De Youssouf DIMMA, correspondant de Teranganews à Ziguinchor
En séjour à Ziguinchor, sa ville natale, pour des raisons liées aux élections locales prévues au Sénégal le 23 janvier prochain, Dr Cheikh Tidiane Dièye, Directeur du Centre africain pour le commerce l’intégration et le développement (CACID), a déclaré dans une interview accordée au correspondant de Terangnews à Ziguinchor, ce 10 janvier 2022 relativement aux récentes sanctions infligées au Mali par la CEDEAO et l’UEMOA.
Selon lui, « il est évident que les sanctions prises par les chefs d’Etat de la CEDEAO et par l’UEMOA auront des conséquences économiques multiformes et extrêmement néfastes sur l’économie du Mali et sur le peuple malien. Il faut d’abord regretter ces sanctions qui sont totalement illégales si l’on s’en tient rien qu’au protocole de la CEDEAO et encore une fois la CEDEAO passe à côté de l’histoire ».

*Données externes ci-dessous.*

lemma amp_from_left: "amp (m - 1, n, True) * eta = t1 * (bloch_h powi m * bloch_v powi n)"
proof (cases "t1 = 0")
  case True
  then have "t2 = 0" using t12 by simp
  thus ?thesis unfolding amp_def using True by simp
next
  case False
  then have "t2 \<noteq> 0" using t12 by auto
  hence ratio: "- t2 * eta / bloch_h = t1"
    using False eta_nonzero by (simp add: bloch_h_def field_simps)
  have "bloch_h powi (m - 1) = bloch_h powi m / bloch_h"
    using bloch_nonzero by (simp add: power_int_diff)
  hence "amp (m - 1, n, True) * eta = (- t2 * eta / bloch_h) * (bloch_h powi m * bloch_v powi n)"
    by (simp add: amp_def)
  thus ?thesis unfolding ratio .
qed

lemma amp_from_below: "amp (m, n - 1, False) * eta = t3 * (bloch_h powi m * bloch_v powi n)"
proof -
  have "bloch_v powi (n - 1) = bloch_v powi n / bloch_v"
    using bloch_nonzero by (simp add: power_int_diff)
  thus ?thesis using t3 eta_nonzero bloch_nonzero
    by (auto simp: amp_def bloch_v_def field_simps)
qed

Pour lui, « la CEDEAO n’a pas su lire les événements ni su prendre les actes appropriés au moment de le prise du pouvoir par la junte militaire parce qu’elle avait fait une mauvaise interprétation du principe des coups d’Etat. En effet, il y avait un coup d’Etat constitutionnel, politique et autres mais la CEDEAO n’avait pas réagi quand les militaires sont arrivés au pouvoir, sauver une situation et ouvrir les voies nouvelles au Mali, la CEDEAO devait accompagner ce processus et nous l’avions dit en son temps ».
Dr Cheikh Tidiane Dièye d’ajouter : « elle prend des sanctions qui ne sont pas prévues par les protocoles qui disent que lorsqu’un pays pose de tels actes, la CEDEAO peut suspendre sa participation dans les instances communautaires, par exemple refuser d’organiser des réunions dans ce pays. Mais faire du blocus économique et fermer des frontières, cela n’est prévu nulle part dans le protocole ».
A l’en croire « sachant que 80% du commerce international du Mali passe par le port autonome de Dakar, si le Sénégal s’aventurait à respecter ces sanctions, vous imaginez la conséquence ! Même si on dit que les médicaments n’est feraient pas partie ou les denrées de premières nécessité, mais les équipements et tous types d’autres matériels qui constituent de la matière première pour l’industrie malienne et qui servent à construire le Mali ne viendraient plus. »
Dr Dièye d’avertir les Chef d’Etat de la CEDEAO en ces termes : « je voudrais dire aux chefs de l’Etat qu’ils se rendront responsables de tout ce qui arrivera dans la sous-région parce qu’il ne faut pas croire que le Mali est le Niger, le Libéria, la Gambie, la Guinée-Bissau qui ont connu des interventions de la CEDEAO, ce qui était compréhensible dans ces contextes , mais aujourd’hui, du point de vue géo-économique, géo-politique, le Mali ne peut pas et ne devrait pas être sanctionné de cette manière. »
Et de poursuivre : « Le Mali trouvera toujours des solutions pour approvisionner son marché et ne pas laisser sa population mourir de faim, mais le Sénégal perdrait énormément : si le fret est arrêté le port de Dakar ferme et il ne faudrait même pas continuer la construction du port de Ndayane puisqu’il ne vivrait qu’avec le fret malien. Il faut savoir raison gardée. Je demande au président du Sénégal de considérer l’intérêt du Sénégal. Notre pays ne doit pas suivre certains chefs d’Etat de la CEDEAO, ni certains chefs d’Etat internationaux qui sont en train d’utiliser le cas du Mali pour régler leur propre problème et on ne doit pas laisser cette situation devenir un terrain de confrontation géopolitique entre la Russie et les pays occidentaux à travers la CEDEAO qui serait instrumentalisée ».
Pour rappel, le dimanche 09 janvier 2022, lors d’un sommet extraordinaire tenu à Accra, la Communauté Economique des États de l’Afrique de l’Ouest (CEDEAO) a décidé d’imposer des sanctions au gouvernement de la transition au Mali. Lesquelles sont, entre autres, la fermeture des frontières terrestres et aériennes entre les pays de la CEDEAO et le Mali, la suspension de toutes les transactions commerciales et financières entre les pays de la CEDEAO et le Mali, à l’exception des produits alimentaires de grande consommation ; des produits pharmaceutiques ; des matériels et équipements médicaux y compris ceux pour la lutte contre la Covid 19 ; des produits pétroliers et de l’électricité.